(* Let $k\ge 3$ be an integer and let $G=(G_1,v_1,e_1)\Delta(G_2,v_2,e_2)$ be a Hajós join of two hypergraphs $G_1$ and $G_2$. Then $G\in\mathcal{C}_k$ if and only if both $G_1\in\mathcal{C}_k$ and $G_2\in\mathcal{C}_k$.
   Context: A hypergraph is a pair $G=(V,E)$ of finite sets with $E\subseteq 2^V$ and $|e|\ge2$ for all $e\in E$. A coloring requires every edge to contain two vertices of different colors; $\chi$ is the chromatic number. $G$ is $(k+1)$-critical if $\chi(G)=k+1$ but $\chi(H)\le k$ for every proper subhypergraph $H$. A $(v,w)$-hyperpath is a sequence $(v_1,e_1,\dots,e_{q-1},v_q)$ of distinct vertices and distinct edges with $v_1=v,v_q=w$, $\{v_i,v_{i+1}\}\subseteq e_i$; $\lambda_G(v,w)$ is the maximum number of pairwise edge-disjoint $(v,w)$-hyperpaths and $\lambda(G)=\max_{v\ne w}\lambda_G(v,w)$. $\mathcal{C}_k$ is the class of $(k+1)$-critical hypergraphs $H$ with $\lambda(H)\le k$. Hajós join $(G_1,v_1,e_1)\Delta(G_2,v_2,e_2)$: for vertex-disjoint $G_1,G_2$, $e_i\in E(G_i)$, $v_i\in e_i$, delete $e_1,e_2$, identify $v_1,v_2$ into a new vertex $v^*$, and add a new edge $e^*$ equal to $(e_1\cup e_2)\setminus\{v_1,v_2\}$ or to $((e_1\cup e_2)\setminus\{v_1,v_2\})\cup\{v^*\}$. *)

theory Defs
  imports Main
begin

type_synonym 'a hgraph = "'a set \<times> 'a set set"

definition hypergraph :: "'a hgraph \<Rightarrow> bool" where
  "hypergraph G \<longleftrightarrow> finite (fst G) \<and> (\<forall>e\<in>snd G. e \<subseteq> fst G \<and> 2 \<le> card e)"

definition colorable :: "'a hgraph \<Rightarrow> nat \<Rightarrow> bool" where
  "colorable G k \<longleftrightarrow> (\<exists>f :: 'a \<Rightarrow> nat. f ` fst G \<subseteq> {..<k} \<and>
      (\<forall>e\<in>snd G. \<exists>u\<in>e. \<exists>w\<in>e. f u \<noteq> f w))"

definition chi :: "'a hgraph \<Rightarrow> nat" where
  "chi G = (LEAST k. colorable G k)"

definition proper_subhypergraph :: "'a hgraph \<Rightarrow> 'a hgraph \<Rightarrow> bool" where
  "proper_subhypergraph H G \<longleftrightarrow> hypergraph H \<and> fst H \<subseteq> fst G \<and> snd H \<subseteq> snd G \<and> H \<noteq> G"

definition critical :: "nat \<Rightarrow> 'a hgraph \<Rightarrow> bool" where
  "critical k G \<longleftrightarrow> chi G = k + 1 \<and> (\<forall>H. proper_subhypergraph H G \<longrightarrow> chi H \<le> k)"

definition hyperpath :: "'a hgraph \<Rightarrow> 'a \<Rightarrow> 'a \<Rightarrow> 'a list \<Rightarrow> 'a set list \<Rightarrow> bool" where
  "hyperpath G v w vs es \<longleftrightarrow> vs \<noteq> [] \<and> length es + 1 = length vs \<and>
     distinct vs \<and> distinct es \<and> set vs \<subseteq> fst G \<and> set es \<subseteq> snd G \<and>
     hd vs = v \<and> last vs = w \<and>
     (\<forall>i < length es. {vs ! i, vs ! (i+1)} \<subseteq> es ! i)"

definition local_lambda :: "'a hgraph \<Rightarrow> 'a \<Rightarrow> 'a \<Rightarrow> nat" where
  "local_lambda G v w = Max {n. \<exists>P :: ('a list \<times> 'a set list) list. length P = n \<and>
      (\<forall>p\<in>set P. hyperpath G v w (fst p) (snd p)) \<and>
      (\<forall>i<n. \<forall>j<n. i \<noteq> j \<longrightarrow> set (snd (P ! i)) \<inter> set (snd (P ! j)) = {})}"

text \<open>lambda(G) = max over distinct v,w (0 if there are fewer than two vertices).\<close>
definition hlambda :: "'a hgraph \<Rightarrow> nat" where
  "hlambda G = Max (insert 0 {local_lambda G v w | v w. v \<in> fst G \<and> w \<in> fst G \<and> v \<noteq> w})"

definition class_C :: "nat \<Rightarrow> 'a hgraph set" where
  "class_C k = {H. hypergraph H \<and> critical k H \<and> hlambda H \<le> k}"

text \<open>Hajos join: G1, G2 vertex-disjoint, e_i an edge of G_i, v_i in e_i;
  v1 and v2 are identified into a new vertex vs (not in the remaining vertex set);
  e1, e2 are deleted and the new edge estar added, which is either
  (e1 \<union> e2) - {v1,v2} or that set together with vs.\<close>
definition hajos_join ::
  "'a hgraph \<Rightarrow> 'a \<Rightarrow> 'a set \<Rightarrow> 'a hgraph \<Rightarrow> 'a \<Rightarrow> 'a set \<Rightarrow> 'a \<Rightarrow> 'a hgraph \<Rightarrow> bool" where
  "hajos_join G1 v1 e1 G2 v2 e2 vs G \<longleftrightarrow>
     fst G1 \<inter> fst G2 = {} \<and> e1 \<in> snd G1 \<and> v1 \<in> e1 \<and> e2 \<in> snd G2 \<and> v2 \<in> e2 \<and>
     vs \<notin> (fst G1 - {v1}) \<union> (fst G2 - {v2}) \<and>
     (let r = (\<lambda>x. if x = v1 \<or> x = v2 then vs else x);
          e0 = (e1 \<union> e2) - {v1, v2}
      in fst G = (fst G1 - {v1}) \<union> (fst G2 - {v2}) \<union> {vs} \<and>
         (snd G = (image r ` (snd G1 - {e1})) \<union> (image r ` (snd G2 - {e2})) \<union> {e0} \<or>
          snd G = (image r ` (snd G1 - {e1})) \<union> (image r ` (snd G2 - {e2})) \<union> {insert vs e0}))"

end

theory Submission
  imports Defs "HOL-Combinatorics.Transposition"
begin

text \<open>Write z for the merged vertex and e* for the new edge. A k-colouring of G restricts to
  k-colourings of G1 - e1 and G2 - e2 that agree at v1 and v2; conversely two such colourings glue,
  after permuting colours, to a k-colouring of G - e*, which also colours e* unless all vertices
  of e* get the colour of z. If G_i is (k+1)-critical, every k-colouring of G_i - e_i is constant
  on e_i; this transfers criticality in both directions, and k \<ge> 3 leaves a third colour with
  which the glued colouring can be made to separate e*. For the connectivity bound, a hyperpath of
  G1 through e1 is rerouted through e* and a path in G2 - e2 from v2 to another vertex of e2, which
  exists by criticality; a hyperpath of G is projected into G1 by collapsing the G2 side onto v1.
  Both maps keep edge-disjoint hyperpaths edge-disjoint.\<close>

definition bichromatic :: "('a \<Rightarrow> nat) \<Rightarrow> 'a set \<Rightarrow> bool" where
  "bichromatic f e \<longleftrightarrow> (\<exists>u\<in>e. \<exists>w\<in>e. f u \<noteq> f w)"

abbreviation delete_edge :: "'a hgraph \<Rightarrow> 'a set \<Rightarrow> 'a hgraph" where
  "delete_edge G e \<equiv> (fst G, snd G - {e})"

lemma colorable_iff_bichromatic:
  "colorable G k \<longleftrightarrow> (\<exists>f. f ` fst G \<subseteq> {..<k} \<and> (\<forall>e\<in>snd G. bichromatic f e))"
  unfolding colorable_def bichromatic_def ..

lemma bichromatic_cong: "(\<And>x. x \<in> e \<Longrightarrow> f x = g x) \<Longrightarrow> bichromatic f e \<longleftrightarrow> bichromatic g e"
  unfolding bichromatic_def by auto

lemma bichromatic_image: "bichromatic f (h ` e) \<longleftrightarrow> bichromatic (f \<circ> h) e"
  unfolding bichromatic_def by auto

lemma bichromatic_comp_inj: "inj \<sigma> \<Longrightarrow> bichromatic (\<sigma> \<circ> f) e \<longleftrightarrow> bichromatic f e"
  unfolding bichromatic_def by (simp add: inj_eq)

lemma bichromatic_avoids: "bichromatic f e \<Longrightarrow> \<exists>a\<in>e. f a \<noteq> c"
  unfolding bichromatic_def by metis

lemma not_bichromatic: "\<not> bichromatic f e \<Longrightarrow> v \<in> e \<Longrightarrow> x \<in> e \<Longrightarrow> f x = f v"
  unfolding bichromatic_def by blast

lemma deleted_edge_monochromatic:
  assumes "\<not> colorable G k" "f ` fst G \<subseteq> {..<k}" "\<forall>d\<in>snd G - {e}. bichromatic f d"
  shows "\<not> bichromatic f e"
  using assms unfolding colorable_iff_bichromatic by blast

lemma hypergraph_edge_subset: "hypergraph G \<Longrightarrow> e \<in> snd G \<Longrightarrow> e \<subseteq> fst G"
  unfolding hypergraph_def by blast

lemma hypergraph_finite_edges: "hypergraph G \<Longrightarrow> finite (snd G)"
proof -
  assume "hypergraph G"
  then have "snd G \<subseteq> Pow (fst G)" "finite (fst G)"
    unfolding hypergraph_def by auto
  then show ?thesis
    by (simp add: finite_subset)
qed

lemma hypergraph_edge_other_vertex:
  assumes "hypergraph G" "e \<in> snd G"
  obtains b where "b \<in> e" "b \<noteq> a"
proof -
  have "\<not> e \<subseteq> {a}"
    using assms card_mono[of "{a}" e] unfolding hypergraph_def by fastforce
  then show thesis using that by blast
qed

lemma colorable_subhypergraph:
  assumes "colorable G k" "fst H \<subseteq> fst G" "snd H \<subseteq> snd G"
  shows "colorable H k"
proof -
  obtain f where "f ` fst G \<subseteq> {..<k}" "\<forall>e\<in>snd G. bichromatic f e"
    using assms(1) unfolding colorable_iff_bichromatic by blast
  then show ?thesis
    using assms(2,3) unfolding colorable_iff_bichromatic by blast
qed

lemma colorable_mono:
  assumes "colorable G k" "k \<le> k'"
  shows "colorable G k'"
proof -
  obtain f where "f ` fst G \<subseteq> {..<k}" "\<forall>e\<in>snd G. bichromatic f e"
    using assms(1) unfolding colorable_iff_bichromatic by blast
  moreover have "{..<k} \<subseteq> {..<k'}"
    using assms(2) by auto
  ultimately show ?thesis
    unfolding colorable_iff_bichromatic by (meson order_trans)
qed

____

_Problem details_. Start with the line that contains "G \<subseteq> Pow", end with the last line of the entries, and please retype every line in that span exactly, with no others.

_Response below_.
  then have "snd G \<subseteq> Pow (fst G)" "finite (fst G)"
    unfolding hypergraph_def by auto
  then show ?thesis
    by (simp add: finite_subset)
qed

lemma hypergraph_edge_other_vertex:
  assumes "hypergraph G" "e \<in> snd G"
  obtains b where "b \<in> e" "b \<noteq> a"
proof -
  have "\<not> e \<subseteq> {a}"
    using assms card_mono[of "{a}" e] unfolding hypergraph_def by fastforce
  then show thesis using that by blast
qed

lemma colorable_subhypergraph:
  assumes "colorable G k" "fst H \<subseteq> fst G" "snd H \<subseteq> snd G"
  shows "colorable H k"
proof -
  obtain f where "f ` fst G \<subseteq> {..<k}" "\<forall>e\<in>snd G. bichromatic f e"
    using assms(1) unfolding colorable_iff_bichromatic by blast
  then show ?thesis
    using assms(2,3) unfolding colorable_iff_bichromatic by blast
qed

lemma colorable_mono:
  assumes "colorable G k" "k \<le> k'"
  shows "colorable G k'"
proof -
  obtain f where "f ` fst G \<subseteq> {..<k}" "\<forall>e\<in>snd G. bichromatic f e"
    using assms(1) unfolding colorable_iff_bichromatic by blast
  moreover have "{..<k} \<subseteq> {..<k'}"
    using assms(2) by auto
  ultimately show ?thesis
    unfolding colorable_iff_bichromatic by (meson order_trans)
qed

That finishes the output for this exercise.